[Efficacy of hemostatic puncture closing device for hemostasis and early ambulation after coronary angiography and angioplasty: results of a multicenter trial]

Abstract

To assess the efficacy and safety of a hemostatic puncture closing device for reducing patient immobilization after cardiac catheterization from a percutaneous femoral artery approach, we conducted a prospective, randomized trial at 4 participating centers.

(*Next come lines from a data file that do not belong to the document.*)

lemma alpha_y_eq: "p \<in> U \<Longrightarrow> dy \<alpha> p + dy \<xi> p * tan (\<alpha> p) = - \<sigma> p * (dy A1 p / A2 p)"
proof -
  assume p: "p \<in> U"
  define P where "P = dy A1 p / A2 p"
  have "exp (\<xi> p) * (dy \<xi> p * sin (\<alpha> p) + cos (\<alpha> p) * dy \<alpha> p)
      = exp (\<xi> p) * (- \<sigma> p * P * cos (\<alpha> p))"
    using codazzi_Hc[OF p] dy_Hc[OF p] Kc_rep[OF p] unfolding P_def by (simp add: algebra_simps)
  then have "dy \<xi> p * sin (\<alpha> p) + cos (\<alpha> p) * dy \<alpha> p = - \<sigma> p * P * cos (\<alpha> p)"
    by (metis exp_not_eq_zero mult_left_cancel)
  then show ?thesis
    using cos_alpha_nz[OF p] unfolding P_def by (simp add: tan_def field_simps)
qed

lemma dx_h: "p \<in> U \<Longrightarrow> dx h p = (h p + cot (\<alpha> p)) * dx \<xi> p"
proof -
  assume p: "p \<in> U"
  define Q where "Q = dx A2 p / A1 p"
  have "\<sigma> p * ((cos (\<alpha> p) + h p * sin (\<alpha> p)) * dx \<alpha> p - dx h p * cos (\<alpha> p))
      = Q * (cos (\<alpha> p) + h p * sin (\<alpha> p))"
    using dx_A2[OF p] A1_rep[OF p] A1_nz[OF p] by (simp add: Q_def)
  also have "Q = \<sigma> p * (dx \<alpha> p - dx \<xi> p * cot (\<alpha> p))"
    using alpha_x_eq[OF p] sigma_sq[OF p] unfolding Q_def[symmetric] by algebra
  finally have "\<sigma> p * (dx h p * cos (\<alpha> p)) = \<sigma> p * (dx \<xi> p * cot (\<alpha> p) * (cos (\<alpha> p) + h p * sin (\<alpha> p)))"
    by (simp add: algebra_simps)
  then have "dx h p * cos (\<alpha> p) = dx \<xi> p * cot (\<alpha> p) * (cos (\<alpha> p) + h p * sin (\<alpha> p))"
    using sigma_nz[OF p] by simp
  also have "\<dots> = (h p + cot (\<alpha> p)) * dx \<xi> p * cos (\<alpha> p)"
    using sin_alpha_nz[OF p] by (simp add: cot_def field_simps)
  finally have "dx h p * cos (\<alpha> p) = (h p + cot (\<alpha> p)) * dx \<xi> p * cos (\<alpha> p)" .
  then show ?thesis
    using cos_alpha_nz[OF p] by simp
qed

lemma dy_h: "p \<in> U \<Longrightarrow> dy h p = (h p - tan (\<alpha> p)) * dy \<xi> p"
proof -
  assume p: "p \<in> U"
  define P where "P = dy A1 p / A2 p"
  have "dy h p * sin (\<alpha> p) - (sin (\<alpha> p) - h p * cos (\<alpha> p)) * dy \<alpha> p
      = \<sigma> p * P * (sin (\<alpha> p) - h p * cos (\<alpha> p))"
    using dy_A1[OF p] A2_rep[OF p] A2_nz[OF p] by (simp add: P_def)
  also have "\<sigma> p * P = - (dy \<alpha> p + dy \<xi> p * tan (\<alpha> p))"
    using alpha_y_eq[OF p] sigma_sq[OF p] unfolding P_def[symmetric] by algebra
  finally have "dy h p * sin (\<alpha> p) = - dy \<xi> p * tan (\<alpha> p) * (sin (\<alpha> p) - h p * cos (\<alpha> p))"
    by (simp add: algebra_simps)
  also have "\<dots> = (h p - tan (\<alpha> p)) * dy \<xi> p * sin (\<alpha> p)"
    using cos_alpha_nz[OF p] by (simp add: tan_def field_simps)
  finally show ?thesis
    using sin_alpha_nz[OF p] by simp
qed

lemma dy_dx_xi:
  assumes p: "p \<in> U"
  shows "dy (dx \<xi>) p = dx \<xi> p * dy \<xi> p + (cot (\<alpha> p) * dy \<alpha> p) * dx \<xi> p + (- tan (\<alpha> p) * dx \<alpha> p) * dy \<xi> p"
proof -
  have cot: "((\<lambda>t. cot (\<alpha> (fst p, t))) has_real_derivative - dy \<alpha> p / (sin (\<alpha> p))\<^sup>2) (at (snd p))"
  proof -
    have "(cot has_real_derivative - inverse ((sin (\<alpha> p))\<^sup>2)) (at (\<alpha> (fst p, snd p)))"
      using sin_alpha_nz[OF p] by simp
    from DERIV_chain2[OF this has_real_derivative_dy[OF open_U p differentiable_parameters(3)]] show ?thesis
      by (simp add: divide_inverse mult.commute)
  qed
  have "dy (dx h) p = dy (\<lambda>q. (h q + cot (\<alpha> q)) * dx \<xi> q) p"
    using dx_h by (intro dy_cong[OF open_U p]) auto
  also have "\<dots> = (dy h p - dy \<alpha> p / (sin (\<alpha> p))\<^sup>2) * dx \<xi> p + (h p + cot (\<alpha> p)) * dy (dx \<xi>) p"
    by (rule dy_eqI_real) (auto intro!: derivative_eq_intros cot has_real_derivative_parameters[OF p]
        has_real_derivative_dy[OF open_U p differentiable_parameters(5)])
  finally have h_xy: "dy (dx h) p = \<dots>" .
  have "dx (dy h) p = dx (\<lambda>q. (h q - tan (\<alpha> q)) * dy \<xi> q) p"
    using dy_h by (intro dx_cong[OF open_U p]) auto
  also have "\<dots> = (dx h p - dx \<alpha> p / (cos (\<alpha> p))\<^sup>2) * dy \<xi> p + (h p - tan (\<alpha> p)) * dx (dy \<xi>) p"
    by (rule dx_eqI_real) (auto intro!: derivative_eq_intros has_real_derivative_parameters[OF p]
        has_real_derivative_dx[OF open_U p differentiable_parameters(6)]
        simp: cos_alpha_nz[OF p] divide_inverse ac_simps)
  finally have h_yx: "dx (dy h) p = \<dots>" .
  have "((h p - sin (\<alpha> p) / cos (\<alpha> p)) * dy \<xi> p - dy \<alpha> p / (sin (\<alpha> p))\<^sup>2) * dx \<xi> p
      + (h p + cos (\<alpha> p) / sin (\<alpha> p)) * dy (dx \<xi>) p
      = ((h p + cos (\<alpha> p) / sin (\<alpha> p)) * dx \<xi> p - dx \<alpha> p / (cos (\<alpha> p))\<^sup>2) * dy \<xi> p
      + (h p - sin (\<alpha> p) / cos (\<alpha> p)) * dy (dx \<xi>) p"
    using h_xy h_yx dx_h[OF p] dy_h[OF p] smooth_on_dy_dx_eq_dx_dy[OF open_U p smooth_h]
      smooth_on_dy_dx_eq_dx_dy[OF open_U p smooth_xi]
    by (simp add: cot_def tan_def)
  then show ?thesis
    using xi_compatibility_algebra[OF sin_alpha_nz[OF p] cos_alpha_nz[OF p] sin_cos_squared_add]
    by (simp add: cot_def tan_def)
qed

lemma gauss_alpha_xi:
  assumes p: "p \<in> U"
  shows "dx (\<lambda>q. - dx \<alpha> q + dx \<xi> q * cot (\<alpha> q)) p + dy (\<lambda>q. dy \<alpha> q + dy \<xi> q * tan (\<alpha> q)) p
    + exp (2 * \<xi> p) * sin (\<alpha> p) * cos (\<alpha> p) = 0"
proof -
  define Q P where "Q = (\<lambda>q. dx A2 q / A1 q)" and "P = (\<lambda>q. dy A1 q / A2 q)"
  have QP: "Q differentiable_on U" "P differentiable_on U"
    unfolding Q_def P_def using A1_nz A2_nz
    by (intro smooth_on_imp_differentiable_on smooth_on_divide open_U smooth_on_dx smooth_on_dy
        smooth_A1 smooth_A2; blast)+
  have "dx (\<lambda>q. - dx \<alpha> q + dx \<xi> q * cot (\<alpha> q)) p = dx (\<lambda>q. - \<sigma> q * Q q) p"
    using alpha_x_eq by (intro dx_cong[OF open_U p]) (simp add: Q_def)
  also have "\<dots> = - \<sigma> p * dx Q p"
    by (rule dx_eqI_real) (auto intro!: derivative_eq_intros has_real_derivative_parameters[OF p]
        has_real_derivative_dx[OF open_U p QP(1)] simp: dx_sigma[OF p])
  finally have "dx (\<lambda>q. - dx \<alpha> q + dx \<xi> q * cot (\<alpha> q)) p = - \<sigma> p * dx Q p" .
  moreover have "dy (\<lambda>q. dy \<alpha> q + dy \<xi> q * tan (\<alpha> q)) p = dy (\<lambda>q. - \<sigma> q * P q) p"
    using alpha_y_eq by (intro dy_cong[OF open_U p]) (simp add: P_def)
  moreover have "\<dots> = - \<sigma> p * dy P p"
    by (rule dy_eqI_real) (auto intro!: derivative_eq_intros has_real_derivative_parameters[OF p]
        has_real_derivative_dy[OF open_U p QP(2)] simp: dy_sigma[OF p])
  moreover have "dy P p + dx Q p + Hc p * Kc p = 0"
    using gauss[OF p] unfolding P_def Q_def .
  moreover have "exp (2 * \<xi> p) = exp (\<xi> p) * exp (\<xi> p)"
    by (simp add: exp_add[symmetric])
  ultimately show ?thesis
    using Hc_rep[OF p] Kc_rep[OF p] sigma_sq[OF p] by algebra
qed

lemma fundamental_forms:
  assumes p: "p \<in> U"
  shows "dx r p \<bullet> dx r p = (cos (\<alpha> p) + h p * sin (\<alpha> p))\<^sup>2"
    "dx r p \<bullet> dy r p = 0"
    "dy r p \<bullet> dy r p = (sin (\<alpha> p) - h p * cos (\<alpha> p))\<^sup>2"
    "dx N p \<bullet> dx N p = exp (2 * \<xi> p) * (sin (\<alpha> p))\<^sup>2"
    "dx N p \<bullet> dy N p = 0"
    "dy N p \<bullet> dy N p = exp (2 * \<xi> p) * (cos (\<alpha> p))\<^sup>2"
proof -
  have "dx r p \<bullet> dx r p = (A1 p)\<^sup>2" "dx r p \<bullet> dy r p = 0" "dy r p \<bullet> dy r p = (A2 p)\<^sup>2"
    "dx N p \<bullet> dx N p = (Hc p)\<^sup>2" "dx N p \<bullet> dy N p = 0" "dy N p \<bullet> dy N p = (Kc p)\<^sup>2"
    using r_x r_y N_x N_y p frame_inner[OF p] by (simp_all add: power2_eq_square)
  moreover have "exp (2 * \<xi> p) = (exp (\<xi> p))\<^sup>2"
    by (simp add: power2_eq_square exp_add[symmetric])
  then have "(A2 p)\<^sup>2 = (sin (\<alpha> p) - h p * cos (\<alpha> p))\<^sup>2"
    "(Hc p)\<^sup>2 = exp (2 * \<xi> p) * (sin (\<alpha> p))\<^sup>2" "(Kc p)\<^sup>2 = exp (2 * \<xi> p) * (cos (\<alpha> p))\<^sup>2"
    using A2_rep[OF p] Hc_rep[OF p] Kc_rep[OF p] sigma_sq[OF p] by algebra+
  ultimately show "dx r p \<bullet> dx r p = (cos (\<alpha> p) + h p * sin (\<alpha> p))\<^sup>2"
    "dx r p \<bullet> dy r p = 0"
    "dy r p \<bullet> dy r p = (sin (\<alpha> p) - h p * cos (\<alpha> p))\<^sup>2"
    "dx N p \<bullet> dx N p = exp (2 * \<xi> p) * (sin (\<alpha> p))\<^sup>2"
    "dx N p \<bullet> dy N p = 0"
    "dy N p \<bullet> dy N p = exp (2 * \<xi> p) * (cos (\<alpha> p))\<^sup>2"
    using A1_rep[OF p] by simp_all
qed

lemma stress_resultants:
  assumes p: "p \<in> U"
  shows "T1 p = qn * exp (- \<xi> p) / 2
      * ((2 * h p * sin (\<alpha> p) + (1 - (h p)\<^sup>2) * cos (\<alpha> p)) / (sin (\<alpha> p) - h p * cos (\<alpha> p)))"
    "T2 p = qn * exp (- \<xi> p) / 2
      * ((2 * h p * cos (\<alpha> p) - (1 - (h p)\<^sup>2) * sin (\<alpha> p)) / (cos (\<alpha> p) + h p * sin (\<alpha> p)))"
proof -
  define den1 num1 den2 num2
    where "den1 = sin (\<alpha> p) - h p * cos (\<alpha> p)" and "num1 = 2 * h p * sin (\<alpha> p) + (1 - (h p)\<^sup>2) * cos (\<alpha> p)"
      and "den2 = cos (\<alpha> p) + h p * sin (\<alpha> p)" and "num2 = 2 * h p * cos (\<alpha> p) - (1 - (h p)\<^sup>2) * sin (\<alpha> p)"
  have "T1 p * (2 * A2 p * Kc p) = qn * ((A2 p)\<^sup>2 - 1)" "T2 p * (2 * A1 p * Hc p) = qn * ((A1 p)\<^sup>2 - 1)"
    using kind2_x kind2_y p by (simp_all add: algebra_simps)
  moreover have "2 * A2 p * Kc p = - 2 * exp (\<xi> p) * cos (\<alpha> p) * den1" "(A2 p)\<^sup>2 - 1 = - cos (\<alpha> p) * num1"
    "2 * A1 p * Hc p = 2 * exp (\<xi> p) * sin (\<alpha> p) * den2" "(A1 p)\<^sup>2 - 1 = sin (\<alpha> p) * num2"
    unfolding den1_def num1_def den2_def num2_def
    using A1_rep[OF p] A2_rep[OF p] Hc_rep[OF p] Kc_rep[OF p] sigma_sq[OF p] sin_cos_squared_add[of "\<alpha> p"]
    by algebra+
  ultimately have "T1 p * (- 2 * exp (\<xi> p) * cos (\<alpha> p) * den1) = qn * (- cos (\<alpha> p) * num1)"
    "T2 p * (2 * exp (\<xi> p) * sin (\<alpha> p) * den2) = qn * (sin (\<alpha> p) * num2)"
    by simp_all
  moreover have "den1 \<noteq> 0" "den2 \<noteq> 0"
    using A1_nz[OF p] A2_nz[OF p] A1_rep[OF p] A2_rep[OF p] unfolding den1_def den2_def by auto
  ultimately show "T1 p = qn * exp (- \<xi> p) / 2 * (num1 / den1)" "T2 p = qn * exp (- \<xi> p) / 2 * (num2 / den2)"
    using sin_alpha_nz[OF p] cos_alpha_nz[OF p] by (simp_all add: exp_minus field_simps)
qed

end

A total of 240 patients (183 men, 57 women, mean age 61 +/- 10 yr; 157 patients underwent diagnostic angiography, 83 patients underwent coronary angioplasty) were randomized to either the device group (n = 120) or the manual compression group (n = 120). There were no statistical differences in age, gender, weight or sheath size between the 2 groups. A 7, 8F sheath was used in 53 patients of the device group and in 43 patients of the manual compression group. One hundred and two patients (85%) in the device group and 96 patients (80%) in the manual compression group received heparin. Protamine was used in one patient of the device group and 23 patients of the manual compression group. Activated clotting time just prior to sheath removal was 206 +/- 64 sec in the device group and 170 +/- 47 sec in the manual compression group (p < 0.01). Successful placement of the device was achieved in 118 of 120 patients (98%). Time to hemostasis was significantly shorter in the device group (0.8 +/- 3.2 vs 12.2 +/- 5.3 min, p < 0.01). Time to ambulation could be reduced in the device group (5.3 +/- 3.7 vs 10.9 +/- 5.1 hr, p < 0.01). The following complication rates occurred in the device group as compared with the manual compression group: hematoma, 16% vs 10%; bleeding, 8% vs 3%; pseudoaneurysm, 0% vs 1%, respectively. None of these differences was statistically significant. These results indicate that early ambulation using a hemostatic puncture closing device is feasible without significantly increasing the risk of peripheral vascular complications.